Just a few bob? Spad salaries revealed.

Coulson’s salary revealed

Coulson’s salary revealed

By Ian Dunt

Andy Coulson, David Cameron’s communications director, earns £140,000 a year, according to new information revealed today.

His is the most famous name in a document revealing the pay of special advisers, commonly known as ‘spads’ in Westminster.

His pay is only marginally below that of the prime minister, who earns £142,500.

The second highest paid spad is the prime minister’s chief of staff, Edward Llewellyn, on £125,000.

Kate Fall, senior aide to the PM, is third on £100,000, followed by Jonny Oates, director of communications at the Liberal Democrats.

Deputy prime minister Nick Clegg’s aides, Richard Reeves and Lena Pietsch, are on £85,000 and £80,000 respectively.

The details come along with new rules for spads announced by the Cabinet Office today, including regulations on employment taken up within two years of leaving the civil service.

Gifts and hospitality will also have to be published.
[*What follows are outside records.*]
(* Let $G$ be a graph of order $n$ with stability number $\alpha$ (so $1\le\alpha\le n$). Then \[ F(G) \le f_{\mathsf T}(n,\alpha), \] with equality if and only if $G \simeq T_{n,\alpha}$.
   Context: All graphs are finite, simple and undirected; the stability number $\alpha(G)$ is the maximum size of a stable set. The Fibonacci index $F(G)$ of $G$ is the number of stable sets of $G$, including the empty set. For integers $1\le \alpha\le n$, the Turán graph $T_{n,\alpha}$ is the disjoint union of $\alpha$ cliques whose orders sum to $n$ and differ pairwise by at most one. Define $f_{\mathsf T}(n,\alpha)=F(T_{n,\alpha})=(\lceil n/\alpha\rceil+1)^p(\lfloor n/\alpha\rfloor+1)^{\alpha-p}$ with $p = n \bmod \alpha$. *)

theory Defs
  imports Complex_Main
begin

definition simple_graph :: "'a set \<Rightarrow> ('a \<Rightarrow> 'a \<Rightarrow> bool) \<Rightarrow> bool" where
  "simple_graph V E \<longleftrightarrow> finite V \<and> (\<forall>x y. E x y \<longrightarrow> x \<in> V \<and> y \<in> V)
     \<and> (\<forall>x y. E x y \<longrightarrow> E y x) \<and> (\<forall>x. \<not> E x x)"

definition stable_set :: "'a set \<Rightarrow> ('a \<Rightarrow> 'a \<Rightarrow> bool) \<Rightarrow> 'a set \<Rightarrow> bool" where
  "stable_set V E S \<longleftrightarrow> S \<subseteq> V \<and> (\<forall>x\<in>S. \<forall>y\<in>S. \<not> E x y)"

definition stability_number :: "'a set \<Rightarrow> ('a \<Rightarrow> 'a \<Rightarrow> bool) \<Rightarrow> nat" where
  "stability_number V E = Max (card ` {S. stable_set V E S})"

definition fibonacci_index :: "'a set \<Rightarrow> ('a \<Rightarrow> 'a \<Rightarrow> bool) \<Rightarrow> nat" where
  "fibonacci_index V E = card {S. stable_set V E S}"

definition graph_iso :: "'a set \<Rightarrow> ('a \<Rightarrow> 'a \<Rightarrow> bool) \<Rightarrow> 'b set \<Rightarrow> ('b \<Rightarrow> 'b \<Rightarrow> bool) \<Rightarrow> bool" where
  "graph_iso V E W E' \<longleftrightarrow> (\<exists>f. bij_betw f V W \<and> (\<forall>x\<in>V. \<forall>y\<in>V. E x y \<longleftrightarrow> E' (f x) (f y)))"

text \<open>This is the disjoint union of alpha cliques
  (the residue classes) whose orders differ pairwise by at most one.\<close>
definition turan_vertices :: "nat \<Rightarrow> nat set" where
  "turan_vertices n = {0..<n}"

definition turan_edge :: "nat \<Rightarrow> nat \<Rightarrow> nat \<Rightarrow> nat \<Rightarrow> bool" where
  "turan_edge n \<alpha> i j \<longleftrightarrow> i < n \<and> j < n \<and> i \<noteq> j \<and> i mod \<alpha> = j mod \<alpha>"

definition f_T :: "nat \<Rightarrow> nat \<Rightarrow> nat" where
  "f_T n \<alpha> = (nat \<lceil>real n / real \<alpha>\<rceil> + 1) ^ (n mod \<alpha>) * (n div \<alpha> + 1) ^ (\<alpha> - n mod \<alpha>)"

end

theory Submission
  imports Defs
begin

text \<open>
  The proof is by induction on \<open>n\<close> through the recursion \<open>F(G) = F(G - v) + F(G - N[v])\<close>
  applied to a vertex \<open>v\<close> of maximum degree. A greedy argument shows
  \<open>deg v \<ge> (n - 1) div \<alpha>\<close>, and \<open>\<alpha>(G - N[v]) < \<alpha>\<close>; together with the matching recurrence
  for \<open>f_T\<close> and its monotonicity this gives the bound. For equality, every step must be
  tight, so \<open>G - v\<close> is extremal and \<open>deg v = (n - 1) div \<alpha>\<close>; inductively \<open>G - v\<close> is a
  balanced disjoint union of \<open>\<alpha>\<close> cliques, and \<open>N(v)\<close> must be one of them.
\<close>

text \<open>Writing \<open>n = q * b + p\<close> with \<open>p < b\<close>, the Turan count is
  \<open>(q + 2)^p * (q + 1)^(b - p)\<close>: the graph has \<open>p\<close> cliques of order \<open>q + 1\<close> and
  \<open>b - p\<close> cliques of order \<open>q\<close>.\<close>

lemma f_T_closed_form:
  assumes "p < b"
  shows "f_T (q * b + p) b = (q + 2) ^ p * (q + 1) ^ (b - p)"
proof -
  have b: "real b > 0" using assms by simp
  have quot: "real (q * b + p) / real b = real q + real p / real b"
    using b by (simp add: field_simps)
  have "nat \<lceil>real (q * b + p) / real b\<rceil> + 1 = (if p = 0 then q + 1 else q + 2)"
  proof (cases "p = 0")
    case False
    have "real p / real b < 1" "0 < real p / real b" using assms False by auto
    then have "\<lceil>real (q * b + p) / real b\<rceil> = int q + 1"
      unfolding quot by (intro ceiling_unique) auto
    then show ?thesis using False by (simp add: nat_add_distrib)
  qed (use b in simp)
  moreover have "(q * b + p) div b = q" "(q * b + p) mod b = p" using assms by auto
  ultimately show ?thesis by (simp add: f_T_def)
qed

lemma f_T_pos: "0 < f_T n b"
  by (simp add: f_T_def)

lemma f_T_empty: "f_T 0 b = 1"
  by (simp add: f_T_def)

text \<open>The recurrence satisfied by the Turan count, mirroring the vertex-deletion identity
  \<open>F(G) = F(G - v) + F(G - N[v])\<close> for a vertex \<open>v\<close> in a largest clique of
  \<open>T(m + 1, b)\<close>: removing its closed neighbourhood deletes \<open>m div b\<close> further vertices and
  one clique.\<close>

lemma f_T_recurrence:
  assumes "1 \<le> b"
  shows "f_T (Suc m) b = f_T m b + f_T (m - m div b) (b - 1)"
proof -
  define k r where "k = m div b" and "r = m mod b"
  have m: "m = k * b + r" and rb: "r < b" using assms by (simp_all add: k_def r_def)
  have "k \<le> k * b" using assms by simp
  then have mk: "m - m div b = k * (b - 1) + r"
    unfolding k_def[symmetric] using m by (simp add: diff_mult_distrib2)
  show ?thesis
  proof (cases "Suc r < b")
    case True
    define A where "A = (k + 2) ^ r * (k + 1) ^ (b - Suc r)"
    have "f_T (Suc m) b = (k + 2) ^ Suc r * (k + 1) ^ (b - Suc r)"
      using f_T_closed_form[OF True, of k] m by simp
    then have "f_T (Suc m) b = A * (k + 2)" unfolding A_def by (simp only: power_Suc mult_ac)
    moreover have "f_T m b = (k + 2) ^ r * (k + 1) ^ Suc (b - Suc r)"
      using f_T_closed_form[OF rb, of k] m True by (simp add: Suc_diff_Suc)
    then have "f_T m b = A * (k + 1)" unfolding A_def by (simp only: power_Suc mult_ac)
    moreover have "f_T (m - m div b) (b - 1) = A"
      using f_T_closed_form[of r "b - 1" k] mk True by (simp add: A_def)
    ultimately show ?thesis by simp
  next
    case False
    then have r: "Suc r = b" using rb by simp
    have "Suc m = Suc k * b + 0" using m r by simp
    then have "f_T (Suc m) b = (k + 2) ^ Suc r"
      using f_T_closed_form[of 0 b "Suc k"] r by simp
    then have "f_T (Suc m) b = (k + 2) ^ r * (k + 2)" by (simp only: power_Suc mult_ac)
    moreover have "b - r = 1" using r by simp
    then have "f_T m b = (k + 2) ^ r * (k + 1)"
      using f_T_closed_form[OF rb, of k] m by simp
    moreover have "f_T (m - m div b) (b - 1) = (k + 2) ^ r"
    proof (cases "r = 0")
      case True then show ?thesis using mk r by (simp add: f_T_empty)
    next
      case False
      then have "m - m div b = Suc k * (b - 1) + 0" using mk r by simp
      then show ?thesis using f_T_closed_form[of 0 "b - 1" "Suc k"] r False by simp
    qed
    ultimately show ?thesis by simp
  qed
qed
There will be no severance pay for those leaving to stand as MPs.

Mr Coulson actually took a pay cut when the Tories won the general election. He was earning £270,000 as chief of communications for the party in opposition.

A former editor of the News of the World, he is a controversial figure in parliament.

The phone-tapping scandal which engulfed the newspaper concerned the period when he was editor and most observers remained unconvinced by the newspaper’s response to the allegations, despite the decision by the Press Complaints Commission not to reopen the investigation.

Many political pundits also cast some of the blame for the Tories’ underwhelming electoral campaign at his door, with analysts stressing the weakness of the ‘Big Society’ agenda as a PR exercise.

Spads, a relatively new development in Westminster, are still a source of controversy in some areas. Their dual role allows them to help ministers with political activities, something civil servants are prohibited from doing, but there are concerns in some sections of the civil service that their prevalence harms the political process.

Nevertheless, today’s document reveals that the number of advisers has dropped slightly, from 78 just before the election to 68.